* [What is being asked]:
Each line of the material below should be reproduced exactly.

* [Dataset entries]:
..........

(* For every permutation $w\in S_n$, $\mathsf{rajcode}(w)=\mathsf{rajcode}(RD(w))$.
   Context: For $w\in S_n$, $\mathsf{Inv}(w)=\{(i,j):i<j,\ w(i)>w(j)\}$ and the Rothe diagram is $RD(w)=\{(r,w(r')):(r,r')\in\mathsf{Inv}(w)\}$. Let $\mathrm{LIS}^w(q)$ be the length of the longest increasing subsequence of the one-line notation of $w$ starting with $q$. $\mathsf{rajcode}(w)$ is the weak composition with $r$-th entry $n+1-r-\mathrm{LIS}^w(w(r))$ for $r\in[n]$ and $0$ for $r>n$. A diagram is a finite subset of $\mathbb{Z}_{>0}\times\mathbb{Z}_{>0}$; $(r,c)$ is in row $r$ (row 1 on top), column $c$. The snow diagram $\mathsf{snow}(D)$: iterate through the rows of $D$ from bottom to top; in row $r$, find the rightmost cell $(r,c)\in D$ such that column $c$ contains no dark cloud yet; if it exists, label it a dark cloud and add a snowflake cell at $(r',c)$ for each $r'<r$ with $(r',c)\notin D$. $\mathsf{rajcode}(D)$ is the weak composition whose $i$-th entry is the number of cells (original cells plus snowflakes) in row $i$ of $\mathsf{snow}(D)$. *)

theory Defs
  imports "HOL-Combinatorics.Permutations"
begin

text \<open>Permutations of [n] are functions w :: nat => nat with  w permutes {1..n}.
  Weak compositions are functions nat => nat, entry i at index i (i >= 1).\<close>

definition inc_subseqs_from :: "nat \<Rightarrow> (nat \<Rightarrow> nat) \<Rightarrow> nat \<Rightarrow> nat set set" where
  "inc_subseqs_from n w q =
     {S. S \<subseteq> {1..n} \<and> strict_mono_on S w \<and> (\<exists>p\<in>S. w p = q \<and> (\<forall>i\<in>S. p \<le> i))}"

definition LIS :: "nat \<Rightarrow> (nat \<Rightarrow> nat) \<Rightarrow> nat \<Rightarrow> nat" where
  "LIS n w q = Max (card ` inc_subseqs_from n w q)"

definition rajcode_perm :: "nat \<Rightarrow> (nat \<Rightarrow> nat) \<Rightarrow> nat \<Rightarrow> nat" where
  "rajcode_perm n w r = (if 1 \<le> r \<and> r \<le> n then n + 1 - r - LIS n w (w r) else 0)"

..........

* [Response to the exercise]:
(* For every permutation $w\in S_n$, $\mathsf{rajcode}(w)=\mathsf{rajcode}(RD(w))$.
   Context: For $w\in S_n$, $\mathsf{Inv}(w)=\{(i,j):i<j,\ w(i)>w(j)\}$ and the Rothe diagram is $RD(w)=\{(r,w(r')):(r,r')\in\mathsf{Inv}(w)\}$. Let $\mathrm{LIS}^w(q)$ be the length of the longest increasing subsequence of the one-line notation of $w$ starting with $q$. $\mathsf{rajcode}(w)$ is the weak composition with $r$-th entry $n+1-r-\mathrm{LIS}^w(w(r))$ for $r\in[n]$ and $0$ for $r>n$. A diagram is a finite subset of $\mathbb{Z}_{>0}\times\mathbb{Z}_{>0}$; $(r,c)$ is in row $r$ (row 1 on top), column $c$. The snow diagram $\mathsf{snow}(D)$: iterate through the rows of $D$ from bottom to top; in row $r$, find the rightmost cell $(r,c)\in D$ such that column $c$ contains no dark cloud yet; if it exists, label it a dark cloud and add a snowflake cell at $(r',c)$ for each $r'<r$ with $(r',c)\notin D$. $\mathsf{rajcode}(D)$ is the weak composition whose $i$-th entry is the number of cells (original cells plus snowflakes) in row $i$ of $\mathsf{snow}(D)$. *)

theory Defs
  imports "HOL-Combinatorics.Permutations"
begin

text \<open>Permutations of [n] are functions w :: nat => nat with  w permutes {1..n}.
  Weak compositions are functions nat => nat, entry i at index i (i >= 1).\<close>

definition inc_subseqs_from :: "nat \<Rightarrow> (nat \<Rightarrow> nat) \<Rightarrow> nat \<Rightarrow> nat set set" where
  "inc_subseqs_from n w q =
     {S. S \<subseteq> {1..n} \<and> strict_mono_on S w \<and> (\<exists>p\<in>S. w p = q \<and> (\<forall>i\<in>S. p \<le> i))}"

definition LIS :: "nat \<Rightarrow> (nat \<Rightarrow> nat) \<Rightarrow> nat \<Rightarrow> nat" where
  "LIS n w q = Max (card ` inc_subseqs_from n w q)"

definition rajcode_perm :: "nat \<Rightarrow> (nat \<Rightarrow> nat) \<Rightarrow> nat \<Rightarrow> nat" where
  "rajcode_perm n w r = (if 1 \<le> r \<and> r \<le> n then n + 1 - r - LIS n w (w r) else 0)"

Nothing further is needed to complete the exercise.